Show oldest | newest first

    • Julia says:

      06:33am | 12/02/10

      Every year a certain Brisbane paper will publish the obligatory getting ready for school stories. Triplets going to school for the first time, one family still using a horse and cart and the day after the first day, we find one school with nothing but twins and triplets.

      I don’t mind this. I like the regularity. It’s like reading the same book over and over again.

      What I do mind is reporting hot weather in Brisbane as if its something new. It isn’t new. It’s always been hot. It always will be. So the morons responsible for the front page ‘A state divided’ talking about monsoonal weather in the north and the dry in the south should remember the Tropic of Capricorn is there for a reason.

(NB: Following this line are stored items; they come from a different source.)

(* Let $d$ be a positive integer. If $$4N_{E_7}(2d)>28N_{E_6}(2d)+63N_{D_6}(2d)\quad\text{or}\quad 5N_{E_7}(2d)>28N_{E_6}(2d)+63N_{D_6}(2d)+378N_{D_5}(2d),$$ then there exists a vector $l\in E_8$ with $l^2=2d$ that is orthogonal to at least $2$ and at most $12$ roots of $E_8$.
   Context: $E_8,E_7,E_6,D_6,D_5$ are the positive definite root lattices; a root is a vector of square $2$. For a positive definite lattice $L$, $N_L(2d)$ denotes the number of vectors $v\in L$ with $v^2=2d$. *)

theory Defs
  imports Complex_Main
begin

text \<open>Vectors of R^n are represented as real lists of length n; inner product is the
standard Euclidean one.\<close>

definition ip :: "real list \<Rightarrow> real list \<Rightarrow> real" where
  "ip v w = (\<Sum>i<length v. v ! i * w ! i)"

definition sqn :: "real list \<Rightarrow> real" where
  "sqn v = ip v v"

definition E8 :: "real list set" where
  "E8 = {v. length v = 8 \<and>
           ((\<forall>i<8. v ! i \<in> \<int>) \<or> (\<forall>i<8. v ! i - 1/2 \<in> \<int>)) \<and>
           (\<Sum>i<8. v ! i) / 2 \<in> \<int>}"

text \<open>E7 = orthogonal complement in E8 of the root (1,-1,0,...,0);
  E6 = orthogonal complement in E8 of the A2 spanned by roots (1,-1,0,..) and (0,1,-1,0,..).\<close>
definition E7 :: "real list set" where
  "E7 = {v \<in> E8. v ! 0 = v ! 1}"

definition E6 :: "real list set" where
  "E6 = {v \<in> E8. v ! 0 = v ! 1 \<and> v ! 1 = v ! 2}"

definition Dn :: "nat \<Rightarrow> real list set" where
  "Dn n = {v. length v = n \<and> (\<forall>i<n. v ! i \<in> \<int>) \<and> (\<Sum>i<n. v ! i) / 2 \<in> \<int>}"

definition D6 :: "real list set" where "D6 = Dn 6"
definition D5 :: "real list set" where "D5 = Dn 5"

definition NL :: "real list set \<Rightarrow> nat \<Rightarrow> nat" where
  "NL L m = card {v \<in> L. sqn v = real m}"

definition roots :: "real list set \<Rightarrow> real list set" where
  "roots L = {v \<in> L. sqn v = 2}"

end

theory Submission
  imports Defs
begin

(* Write R(l) for the set of roots of E8 orthogonal to l. It is closed under negation and under
   r - s for r.s = 1, and |R(l)| is even. If no l of norm 2d had 2 <= |R(l)| <= 12, every such l
   would have |R(l)| = 0 or |R(l)| >= 14. In a closed root set with at least 14 roots every root r
   has many neighbours: the numbers of roots s with r.s = -1 and r.s = 0, and of A3-chains r, s, u,
   satisfy 8 <= #(-1) + #(0) and 20 <= 2 #(-1) + 2 #(0) + #chains.
   Summing over all l of norm 2d and exchanging the order of summation, each root, each pair of
   roots with r.s = -1 or r.s = 0, and each A3-chain of E8 is counted N(E7), N(E6), N(D6) resp.
   N(D5) times: the Weyl group acts transitively on each kind of configuration (checked with
   explicit chains of reflections), and for one representative the orthogonal complement is E7,
   E6, D6 resp. D5 in coordinates. As a root has 56 neighbours with r.s = -1, 126 with r.s = 0,
   and an A2-pair extends to 27 A3-chains, the averages give
   4 N(E7) <= 28 N(E6) + 63 N(D6) and 5 N(E7) <= 28 N(E6) + 63 N(D6) + 378 N(D5). *)

definition vadd :: "real list \<Rightarrow> real list \<Rightarrow> real list" where
  "vadd = map2 (+)"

      It’s not news. It’s geography.

    • Jamers Hunter says:

      09:00am | 12/02/10

      the one i realy like is when any story about the economy we have the fingers ,or machine, flipping through large piles of bank notes.
      is this to make the wealthy feel smug or the poor feel envious or to make us understand,as if we didnt anyway, that the banks realy dont give a f*&k??

    • sneakers says:

      08:26am | 12/02/10

      Agreed, Leigh.

      In fact, I was going to make something of an advent calendar for news stories this year, but missed my chance.

      For example - in January, there are sightings of big cats (ooh .. is that a panther?) in Victoria, New South Wales or Queensland (delete as applicable).

      I would have thought that February would be the “chocolate is actually good for you” month, but it seems they’ve come up with a “soft drink is bad for you” story instead. I’ll have to file that one for next year .. still, they do still have 2 weeks to slot it in.

    • vicki pavlos says:

      10:09am | 12/02/10

      I’m not sure there’s much you can do about the repetition, because Xmas, Anzac Day etc come around every year, and people pretty much do the same things every year.

      It’s called tradition.

      Media could stop dredging up the same old, I guess, and just report on the occasions as a passing mention. Which brave channel/newspaper/radio station is ready to take up the challenge?